## [ASSIGNMENT]
Using the listing below, retype exactly the lines starting at the one with "(* Let $K$ be" and ending at the one with "K \<longleftrightarrow> K", and include both.
——
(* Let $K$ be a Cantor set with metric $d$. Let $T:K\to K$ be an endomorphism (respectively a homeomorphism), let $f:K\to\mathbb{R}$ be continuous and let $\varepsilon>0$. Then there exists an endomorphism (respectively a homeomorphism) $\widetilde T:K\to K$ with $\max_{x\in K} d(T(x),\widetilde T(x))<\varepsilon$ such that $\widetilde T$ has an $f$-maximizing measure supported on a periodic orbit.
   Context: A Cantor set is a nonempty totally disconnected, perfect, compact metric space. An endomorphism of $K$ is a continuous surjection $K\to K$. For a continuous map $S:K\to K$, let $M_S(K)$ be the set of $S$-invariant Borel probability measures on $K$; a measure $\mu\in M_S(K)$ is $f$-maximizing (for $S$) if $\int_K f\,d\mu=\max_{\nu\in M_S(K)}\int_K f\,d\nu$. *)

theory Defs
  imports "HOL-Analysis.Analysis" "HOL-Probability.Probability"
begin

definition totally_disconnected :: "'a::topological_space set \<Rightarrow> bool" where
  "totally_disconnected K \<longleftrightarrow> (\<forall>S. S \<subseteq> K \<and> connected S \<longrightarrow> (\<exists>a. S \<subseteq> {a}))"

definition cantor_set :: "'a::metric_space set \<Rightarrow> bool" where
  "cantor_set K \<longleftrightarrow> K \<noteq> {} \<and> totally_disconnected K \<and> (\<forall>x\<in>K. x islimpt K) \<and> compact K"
——
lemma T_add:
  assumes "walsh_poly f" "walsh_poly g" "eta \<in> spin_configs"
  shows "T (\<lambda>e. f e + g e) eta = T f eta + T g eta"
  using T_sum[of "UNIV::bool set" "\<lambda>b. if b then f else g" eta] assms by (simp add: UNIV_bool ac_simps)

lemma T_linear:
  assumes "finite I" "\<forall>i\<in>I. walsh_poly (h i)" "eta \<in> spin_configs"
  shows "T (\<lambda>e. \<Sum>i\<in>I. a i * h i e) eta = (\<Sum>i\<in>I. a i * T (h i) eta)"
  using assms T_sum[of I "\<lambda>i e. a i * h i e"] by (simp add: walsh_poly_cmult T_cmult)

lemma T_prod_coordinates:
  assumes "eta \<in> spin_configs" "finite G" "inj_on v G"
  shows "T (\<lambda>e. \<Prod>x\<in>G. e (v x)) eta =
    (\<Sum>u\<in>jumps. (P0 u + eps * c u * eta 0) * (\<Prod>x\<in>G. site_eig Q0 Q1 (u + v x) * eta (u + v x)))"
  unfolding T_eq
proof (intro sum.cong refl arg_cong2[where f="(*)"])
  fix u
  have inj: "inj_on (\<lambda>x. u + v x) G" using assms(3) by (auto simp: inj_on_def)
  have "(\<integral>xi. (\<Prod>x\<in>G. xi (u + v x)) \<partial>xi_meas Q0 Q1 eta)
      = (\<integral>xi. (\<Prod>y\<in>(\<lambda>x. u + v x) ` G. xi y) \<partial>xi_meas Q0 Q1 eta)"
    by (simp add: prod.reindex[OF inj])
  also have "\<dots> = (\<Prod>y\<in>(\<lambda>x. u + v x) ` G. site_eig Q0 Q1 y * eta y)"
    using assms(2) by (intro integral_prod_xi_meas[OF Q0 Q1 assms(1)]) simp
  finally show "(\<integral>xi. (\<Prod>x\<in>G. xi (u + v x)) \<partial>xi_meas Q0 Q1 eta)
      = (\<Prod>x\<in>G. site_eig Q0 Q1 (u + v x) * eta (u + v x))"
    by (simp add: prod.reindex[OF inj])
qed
——
## [YOUR RESPONSE]
(* Let $K$ be a Cantor set with metric $d$. Let $T:K\to K$ be an endomorphism (respectively a homeomorphism), let $f:K\to\mathbb{R}$ be continuous and let $\varepsilon>0$. Then there exists an endomorphism (respectively a homeomorphism) $\widetilde T:K\to K$ with $\max_{x\in K} d(T(x),\widetilde T(x))<\varepsilon$ such that $\widetilde T$ has an $f$-maximizing measure supported on a periodic orbit.
   Context: A Cantor set is a nonempty totally disconnected, perfect, compact metric space. An endomorphism of $K$ is a continuous surjection $K\to K$. For a continuous map $S:K\to K$, let $M_S(K)$ be the set of $S$-invariant Borel probability measures on $K$; a measure $\mu\in M_S(K)$ is $f$-maximizing (for $S$) if $\int_K f\,d\mu=\max_{\nu\in M_S(K)}\int_K f\,d\nu$. *)

theory Defs
  imports "HOL-Analysis.Analysis" "HOL-Probability.Probability"
begin

definition totally_disconnected :: "'a::topological_space set \<Rightarrow> bool" where
  "totally_disconnected K \<longleftrightarrow> (\<forall>S. S \<subseteq> K \<and> connected S \<longrightarrow> (\<exists>a. S \<subseteq> {a}))"

definition cantor_set :: "'a::metric_space set \<Rightarrow> bool" where
  "cantor_set K \<longleftrightarrow> K \<noteq> {} \<and> totally_disconnected K \<and> (\<forall>x\<in>K. x islimpt K) \<and> compact K"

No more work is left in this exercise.